lemma is_xpoly_prodm:
  assumes "\<forall>f\<in>set fs. is_xpoly f"
  shows "is_xpoly (prodm fs :: 'a::comm_semiring_1 ser)"
proof -
  have "allx T" if nonzero: "prodm fs T \<noteq> 0" for T
  proof -
    obtain ss where ss: "ss \<in> factorizations (length fs) T"
      "\<And>i. i < length fs \<Longrightarrow> (fs ! i) (ss ! i) \<noteq> 0"
      using prodm_nonzero_factorization[OF nonzero] by blast
    have "allx s" if "s \<in> set ss" for s
    proof -
      obtain i where i: "i < length ss" "s = ss ! i"
        using \<open>s \<in> set ss\<close> by (metis in_set_conv_nth)
      then have "i < length fs" using factorizationsD(1)[OF ss(1)] by simp
      then show "allx s" using assms ss(2)[of i] i(2) by (auto dest: is_xpolyD(2))
    qed
    then show "allx T" using allx_bullet factorizationsD(3)[OF ss(1)] by blast
  qed
  moreover have "is_poly (prodm fs)"
    using assms by (intro is_poly_prodm) (simp add: is_xpoly_def)
  ultimately show ?thesis by (simp add: is_xpoly_def)
qed

lemma prodm_single_poly: "is_poly g \<Longrightarrow> prodm [g] = g"
  by (auto simp: prodm_single is_poly_def fun_eq_iff)

lemma prodm_replicate_one_ser_update:
  assumes "i < p" and "is_poly W"
  shows "prodm ((replicate p one_ser)[i := W]) = (W :: 'a::comm_semiring_1 ser)"
proof -
  have "(replicate p one_ser)[i := W] = replicate i one_ser @ [W] @ replicate (p - Suc i) one_ser"
    using assms(1) by (simp add: upd_conv_take_nth_drop)
  then have "prodm ((replicate p one_ser)[i := W]) = prodm [W]"
    by (simp only: prodm_replicate_one_ser)
  then show ?thesis by (simp add: prodm_single_poly[OF assms(2)])
qed

lemma subst_eq_sum:
  assumes "finite (supp F)" "finite A" "supp F \<subseteq> A"
  shows "subst a b F T = (\<Sum>S\<in>A. F S * phi_tree a b S T :: 'a::comm_semiring_1)"
  unfolding subst_def using assms by (intro sum.mono_neutral_left) auto

lemma subst_delta: "subst a b (delta S) = (phi_tree a b S :: 'a::comm_semiring_1 ser)"
proof
  fix T
  have "subst a b (delta S) T = (\<Sum>S'\<in>{S}. delta S S' * phi_tree a b S' T)"
    by (rule subst_eq_sum) (auto simp: delta_def)
  then show "subst a b (delta S) T = phi_tree a b S T" by simp
qed

lemma subst_linear:
  assumes "finite J" and "\<And>j. j \<in> J \<Longrightarrow> finite (supp (G j))"
  shows "subst a b (\<lambda>T. \<Sum>j\<in>J. c j * G j T) =
    (\<lambda>T. \<Sum>j\<in>J. c j * subst a b (G j) T :: 'a::comm_semiring_1)"
proof
  fix T
  let ?A = "\<Union>j\<in>J. supp (G j)"
  have A: "finite ?A" using assms by auto
  have "subst a b (\<lambda>T. \<Sum>j\<in>J. c j * G j T) T =
      (\<Sum>S\<in>?A. (\<Sum>j\<in>J. c j * G j S) * phi_tree a b S T)"
    by (rule subst_eq_sum[OF finite_supp_sum[OF assms] A supp_sum_subset])
  also have "\<dots> = (\<Sum>j\<in>J. c j * (\<Sum>S\<in>?A. G j S * phi_tree a b S T))"
    by (simp add: sum_distrib_left sum_distrib_right mult.assoc sum.swap[of _ ?A])
  also have "\<dots> = (\<Sum>j\<in>J. c j * subst a b (G j) T)"
    using assms A by (intro sum.cong refl arg_cong2[where f = "(*)"] subst_eq_sum[symmetric]) auto
  finally show "subst a b (\<lambda>T. \<Sum>j\<in>J. c j * G j T) T =
      (\<Sum>j\<in>J. c j * subst a b (G j) T)" .
qed

lemma subst_add:
  assumes "finite (supp F)" "finite (supp G)"
  shows "subst a b (\<lambda>T. F T + G T) = (\<lambda>T. subst a b F T + subst a b G T :: 'a::comm_semiring_1)"
  using assms subst_linear[of "{True, False}" "\<lambda>j. if j then F else G" a b "\<lambda>_. 1"] by simp

lemma subst_zero: "subst a b (\<lambda>_. 0) = (\<lambda>_. 0 :: 'a::comm_semiring_1)"
  by (simp add: subst_def fun_eq_iff)

lemma phi_tree_oneP: "phi_tree a b oneP = one_ser"
  by (simp add: oneP_def prodm_Nil)

lemma subst_one_ser: "subst a b one_ser = (one_ser :: 'a::comm_semiring_1 ser)"
  by (simp add: one_ser_eq_delta subst_delta phi_tree_oneP[folded one_ser_eq_delta])

lemma is_poly_phi_tree:
  assumes "is_poly a" "is_poly b"
  shows "is_poly (phi_tree a b S :: 'a::comm_semiring_1 ser)"
proof (induction S)
  case (Node ts)
  then show ?case by (simp add: is_poly_prodm)
qed (use assms in simp)

lemma is_xpoly_phi_tree:
  assumes "is_xpoly a" "is_poly b" "allx S"
  shows "is_xpoly (phi_tree a b S :: 'a::comm_semiring_1 ser)"
  using assms(3)
proof (induction S)
  case (Node ts)
  then show ?case by (simp add: is_xpoly_prodm)
qed (use assms in simp)

lemma phi_tree_x_ser:
  assumes "allx S" "valid S"
  shows "phi_tree x_ser b S = (delta S :: 'a::comm_semiring_1 ser)"
  using assms
proof (induction S)
  case (Leaf x)
  then show ?case by (simp add: x_ser_eq_delta)
next
  case (Node ts)
  show ?case
  proof (cases "ts = []")
    case True
    then show ?thesis by (simp add: prodm_Nil one_ser_eq_delta oneP_def)
  next
    case False
    note ts = valid_NodeD[OF Node.prems(2) False]
    then have "map (phi_tree x_ser b) ts = map delta ts" using Node by auto
    then have "phi_tree x_ser b (Node ts) = prodm (map delta ts)" by (simp only: phi_tree.simps)
    also have "\<dots> = delta (bullet ts)" using ts by (intro prodm_map_delta) auto
    also have "bullet ts = Node ts" using ts by (intro bullet_eq_Node) auto
    finally show ?thesis .
  qed
qed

# [DESCRIPTION OF THE TASK]
With the line holding "b (\<lambda>T. F" as the first and the line holding "note ts = valid_NodeD[OF" as the last, please transcribe exactly the lines of the material above in that range and nothing else.

# [ANSWER SPACE]
  shows "subst a b (\<lambda>T. F T + G T) = (\<lambda>T. subst a b F T + subst a b G T :: 'a::comm_semiring_1)"
  using assms subst_linear[of "{True, False}" "\<lambda>j. if j then F else G" a b "\<lambda>_. 1"] by simp

lemma subst_zero: "subst a b (\<lambda>_. 0) = (\<lambda>_. 0 :: 'a::comm_semiring_1)"
  by (simp add: subst_def fun_eq_iff)

lemma phi_tree_oneP: "phi_tree a b oneP = one_ser"
  by (simp add: oneP_def prodm_Nil)

lemma subst_one_ser: "subst a b one_ser = (one_ser :: 'a::comm_semiring_1 ser)"
  by (simp add: one_ser_eq_delta subst_delta phi_tree_oneP[folded one_ser_eq_delta])

lemma is_poly_phi_tree:
  assumes "is_poly a" "is_poly b"
  shows "is_poly (phi_tree a b S :: 'a::comm_semiring_1 ser)"
proof (induction S)
  case (Node ts)
  then show ?case by (simp add: is_poly_prodm)
qed (use assms in simp)

lemma is_xpoly_phi_tree:
  assumes "is_xpoly a" "is_poly b" "allx S"
  shows "is_xpoly (phi_tree a b S :: 'a::comm_semiring_1 ser)"
  using assms(3)
proof (induction S)
  case (Node ts)
  then show ?case by (simp add: is_xpoly_prodm)
qed (use assms in simp)

lemma phi_tree_x_ser:
  assumes "allx S" "valid S"
  shows "phi_tree x_ser b S = (delta S :: 'a::comm_semiring_1 ser)"
  using assms
proof (induction S)
  case (Leaf x)
  then show ?case by (simp add: x_ser_eq_delta)
next
  case (Node ts)
  show ?case
  proof (cases "ts = []")
    case True
    then show ?thesis by (simp add: prodm_Nil one_ser_eq_delta oneP_def)
  next
    case False
    note ts = valid_NodeD[OF Node.prems(2) False]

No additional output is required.